lemma integral_indicator_mp_Y:
  "(\<integral>\<omega>. indicator {\<omega> \<in> space M. success i \<omega>} \<omega> * mp_Y \<delta> n N X i \<omega> \<partial>M)
     = (\<Sum>l. gap (i + l) * ((1 - \<epsilon>) * \<epsilon> ^ l))"
proof -
  let ?f = "\<lambda>l \<omega>. gap (i + l) * indicator (success_then_failures i l) \<omega>"
  have integrable: "integrable M (?f l)" for l
    by (intro integrable_mult_right integrable_real_indicator) (auto simp: emeasure_eq_measure)
  have integral: "integral\<^sup>L M (?f l) = gap (i + l) * ((1 - \<epsilon>) * \<epsilon> ^ l)" for l
    by (simp add: prob_success_then_failures)
  have "\<bar>(1 - \<epsilon>) * gap (i + l)\<bar> \<le> real n" for l
    using gap_nonneg[of "i + l"] gap_le[of "i + l"] eps_pos eps_lt_1 mult_left_le_one_le[of "gap (i + l)" "1 - \<epsilon>"]
    by (simp add: abs_mult)
  then have "summable (\<lambda>l. \<epsilon> ^ l * ((1 - \<epsilon>) * gap (i + l)))"
    by (rule summable_geometric_times_bounded)
  moreover have "(\<integral>\<omega>. norm (?f l \<omega>) \<partial>M) = \<epsilon> ^ l * ((1 - \<epsilon>) * gap (i + l))" for l
    using integral[of l] gap_nonneg[of "i + l"]
    by (subst Bochner_Integration.integral_cong[OF refl, where g = "?f l"]) (auto simp: abs_mult)
  ultimately have summable_norms: "summable (\<lambda>l. \<integral>\<omega>. norm (?f l \<omega>) \<partial>M)"
    by simp
  have "AE \<omega> in M. summable (\<lambda>l. norm (?f l \<omega>))"
    using AE_success_after[of i]
  proof eventually_elim
    case (elim \<omega>)
    then obtain k where "i < k" "success k \<omega>" by auto
    then show ?case
      by (intro summable_finite[of "{..<k}"]) (auto simp: success_then_failures_def split: split_indicator)
  qed
  from integral_suminf[OF integrable this summable_norms]
  have "(\<integral>\<omega>. (\<Sum>l. ?f l \<omega>) \<partial>M) = (\<Sum>l. integral\<^sup>L M (?f l))" .
  moreover have "(\<integral>\<omega>. indicator {\<omega> \<in> space M. success i \<omega>} \<omega> * mp_Y \<delta> n N X i \<omega> \<partial>M)
      = (\<integral>\<omega>. (\<Sum>l. ?f l \<omega>) \<partial>M)"
    by (rule integral_cong_AE)
       (use AE_success_after[of i] in \<open>auto elim: AE_mp intro!: indicator_mp_Y_eq_suminf\<close>)
  ultimately show ?thesis by (simp add: integral prob_success_then_failures)
qed

lemma cond_mean_mp_Y:
  assumes "i < N"
  shows "cond_mean M {\<omega> \<in> space M. X (i, 0) \<omega>} (mp_Y \<delta> n N X i)
          = (\<Sum>j<N. \<epsilon> ^ j * mp_T \<delta> n N ((i + j) mod N)) / (1 - \<epsilon> ^ N)"
proof -
  have summable: "summable (\<lambda>l. \<epsilon> ^ l * gap (i + l))"
    using gap_nonneg gap_le by (intro summable_geometric_times_bounded[where B = "real n"]) auto
  have "(\<Sum>l. gap (i + l) * ((1 - \<epsilon>) * \<epsilon> ^ l)) = (1 - \<epsilon>) * (\<Sum>l. \<epsilon> ^ l * gap (i + l))"
    using suminf_mult[OF summable, of "1 - \<epsilon>"] by (simp add: algebra_simps)
  also have "(\<Sum>l. \<epsilon> ^ l * gap (i + l)) = (\<Sum>l<N. \<epsilon> ^ l * gap (i + l)) / (1 - \<epsilon> ^ N)"
  proof (rule suminf_periodic_geometric[OF summable N_pos])
    show "\<epsilon> ^ (l + N) * gap (i + (l + N)) = \<epsilon> ^ N * (\<epsilon> ^ l * gap (i + l))" for l
      using gap_add_N[of "i + l"] by (simp add: power_add add.assoc)
  qed (use eps_pos eps_power_N_less_1 in simp)
  finally show ?thesis
    using success_0[OF assms, symmetric] prob_success[of i] eps_lt_1
    by (simp add: cond_mean_def integral_indicator_mp_Y gap_def)
qed

lemma sum_cond_mean_mp_Y:
  "(\<Sum>i<N. cond_mean M {\<omega> \<in> space M. X (i, 0) \<omega>} (mp_Y \<delta> n N X i)) = real n / (1 - \<epsilon>)"
proof -
  have "(\<Sum>i<N. \<Sum>j<N. \<epsilon> ^ j * mp_T \<delta> n N ((i + j) mod N))
      = (\<Sum>j<N. \<epsilon> ^ j * (\<Sum>i<N. mp_T \<delta> n N ((i + j) mod N)))"
    by (subst sum.swap) (simp add: sum_distrib_left)
  also have "\<dots> = real n * (\<Sum>j<N. \<epsilon> ^ j)"
    by (simp add: sum_rotate_mod[OF N_pos] sum_mp_T sum_distrib_left mult.commute)
  also have "(\<Sum>j<N. \<epsilon> ^ j) = (1 - \<epsilon> ^ N) / (1 - \<epsilon>)"
    using eps_lt_1 by (simp add: sum_gp_strict)
  finally show ?thesis
    using eps_power_N_less_1 by (simp add: cond_mean_mp_Y sum_divide_distrib[symmetric])
qed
+===+
__WHAT NEEDS TO BE DONE__:
Copy here each line of the preceding records with "subst" in it.

__TASK RESULT__:
    by (subst Bochner_Integration.integral_cong[OF refl, where g = "?f l"]) (auto simp: abs_mult)
    by (subst sum.swap) (simp add: sum_distrib_left)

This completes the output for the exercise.